(* Let $\gamma > 1$ and let $m, j_0 \in \mathbb{N}$. Let $p_i$ denote the $i$-th prime and consider the radii $\mathcal{R} = \{r_j\}_{j\in\mathbb{N}}$, $r_j > 0$, defined by $r_j^2 = m + \prod_{j_0 \leq i \leq 2^{j^\gamma}} p_i$. Then the set of all primes can be written as $\mathbb{P} = \mathbb{P}_G \cup \mathbb{P}_B$ such that: for every $p\in\mathbb{P}_G$, $\{r_j^2 \bmod p\} \subset (\mathbb{Z}/p\mathbb{Z})^\times$; for every $\epsilon>0$ there is $C_\epsilon$ independent of $p$ with $\#\{r_j^2 \bmod p : j \in\mathbb{N}\} \leq C_\epsilon p^\epsilon$ (indeed this count is $\lesssim \log p$ for every prime $p$); and $\sum_{p \in \mathbb{P}_B} p^{-1} < \infty$.
   Context: $\mathbb{P}$ denotes the set of primes; $(\mathbb{Z}/p\mathbb{Z})^\times$ the group of units mod $p$. *)

theory Defs
  imports "HOL-Analysis.Analysis" "HOL-Number_Theory.Number_Theory" "HOL-Library.Infinite_Set"
begin

text \<open>The i-th prime, indexed from 1: nth_prime 1 = 2, nth_prime 2 = 3, ...\<close>
definition nth_prime :: "nat \<Rightarrow> nat" where
  "nth_prime i = enumerate {p. prime p} (i - 1)"

definition rsq :: "real \<Rightarrow> nat \<Rightarrow> nat \<Rightarrow> nat \<Rightarrow> nat" where
  "rsq \<gamma> m j0 j = m + (\<Prod>i \<in> {i. j0 \<le> i \<and> real i \<le> 2 powr (real j powr \<gamma>)}. nth_prime i)"

end

theory Submission
  imports Defs
begin

text \<open>
  Every prime \<open>p\<^sub>i\<close> with \<open>j\<^sub>0 \<le> i \<le> 2^(j^\<gamma>)\<close> divides \<open>r\<^sub>j\<^sup>2 - m\<close>. So once \<open>2^(j^\<gamma>)\<close> exceeds
  the index of a prime \<open>p\<close>, the residue \<open>r\<^sub>j\<^sup>2 mod p\<close> is frozen at \<open>m mod p\<close>, and only the
  \<open>O(log p)\<close> indices \<open>j < log\<^sub>2 p\<close> can contribute further residues.

  A prime \<open>q > max m p\<^sub>j\<^sub>0\<close> dividing \<open>r\<^sub>j\<^sup>2\<close> must exceed \<open>2^(j^\<gamma>)\<close> and every prime of the
  product. If \<open>q\<^sub>0\<close> is the least such prime, the product is at most the primorial of \<open>q\<^sub>0\<close>,
  hence at most \<open>8^q\<^sub>0\<close> (Erdos' middle binomial coefficient argument), so there are at most
  \<open>log\<^sub>q\<^sub>0((m + 1) 8^q\<^sub>0)\<close> such primes and their reciprocals sum to
  \<open>O(1 / log q\<^sub>0) = O(j^-\<gamma>)\<close>, which is summable for \<open>\<gamma> > 1\<close>. The bad primes are these
  together with the finitely many primes up to \<open>max m p\<^sub>j\<^sub>0\<close>.
\<close>

lemma prime_nth_prime: "prime (nth_prime i)"
  unfolding nth_prime_def using enumerate_in_set[OF primes_infinite] by simp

**What you should do**
The reply should consist of the full listing, copied exactly.

**Solution**
(* Let $\gamma > 1$ and let $m, j_0 \in \mathbb{N}$. Let $p_i$ denote the $i$-th prime and consider the radii $\mathcal{R} = \{r_j\}_{j\in\mathbb{N}}$, $r_j > 0$, defined by $r_j^2 = m + \prod_{j_0 \leq i \leq 2^{j^\gamma}} p_i$. Then the set of all primes can be written as $\mathbb{P} = \mathbb{P}_G \cup \mathbb{P}_B$ such that: for every $p\in\mathbb{P}_G$, $\{r_j^2 \bmod p\} \subset (\mathbb{Z}/p\mathbb{Z})^\times$; for every $\epsilon>0$ there is $C_\epsilon$ independent of $p$ with $\#\{r_j^2 \bmod p : j \in\mathbb{N}\} \leq C_\epsilon p^\epsilon$ (indeed this count is $\lesssim \log p$ for every prime $p$); and $\sum_{p \in \mathbb{P}_B} p^{-1} < \infty$.
   Context: $\mathbb{P}$ denotes the set of primes; $(\mathbb{Z}/p\mathbb{Z})^\times$ the group of units mod $p$. *)

theory Defs
  imports "HOL-Analysis.Analysis" "HOL-Number_Theory.Number_Theory" "HOL-Library.Infinite_Set"
begin

text \<open>The i-th prime, indexed from 1: nth_prime 1 = 2, nth_prime 2 = 3, ...\<close>
definition nth_prime :: "nat \<Rightarrow> nat" where
  "nth_prime i = enumerate {p. prime p} (i - 1)"

definition rsq :: "real \<Rightarrow> nat \<Rightarrow> nat \<Rightarrow> nat \<Rightarrow> nat" where
  "rsq \<gamma> m j0 j = m + (\<Prod>i \<in> {i. j0 \<le> i \<and> real i \<le> 2 powr (real j powr \<gamma>)}. nth_prime i)"

end

theory Submission
  imports Defs
begin

text \<open>
  Every prime \<open>p\<^sub>i\<close> with \<open>j\<^sub>0 \<le> i \<le> 2^(j^\<gamma>)\<close> divides \<open>r\<^sub>j\<^sup>2 - m\<close>. So once \<open>2^(j^\<gamma>)\<close> exceeds
  the index of a prime \<open>p\<close>, the residue \<open>r\<^sub>j\<^sup>2 mod p\<close> is frozen at \<open>m mod p\<close>, and only the
  \<open>O(log p)\<close> indices \<open>j < log\<^sub>2 p\<close> can contribute further residues.

  A prime \<open>q > max m p\<^sub>j\<^sub>0\<close> dividing \<open>r\<^sub>j\<^sup>2\<close> must exceed \<open>2^(j^\<gamma>)\<close> and every prime of the
  product. If \<open>q\<^sub>0\<close> is the least such prime, the product is at most the primorial of \<open>q\<^sub>0\<close>,
  hence at most \<open>8^q\<^sub>0\<close> (Erdos' middle binomial coefficient argument), so there are at most
  \<open>log\<^sub>q\<^sub>0((m + 1) 8^q\<^sub>0)\<close> such primes and their reciprocals sum to
  \<open>O(1 / log q\<^sub>0) = O(j^-\<gamma>)\<close>, which is summable for \<open>\<gamma> > 1\<close>. The bad primes are these
  together with the finitely many primes up to \<open>max m p\<^sub>j\<^sub>0\<close>.
\<close>

lemma prime_nth_prime: "prime (nth_prime i)"
  unfolding nth_prime_def using enumerate_in_set[OF primes_infinite] by simp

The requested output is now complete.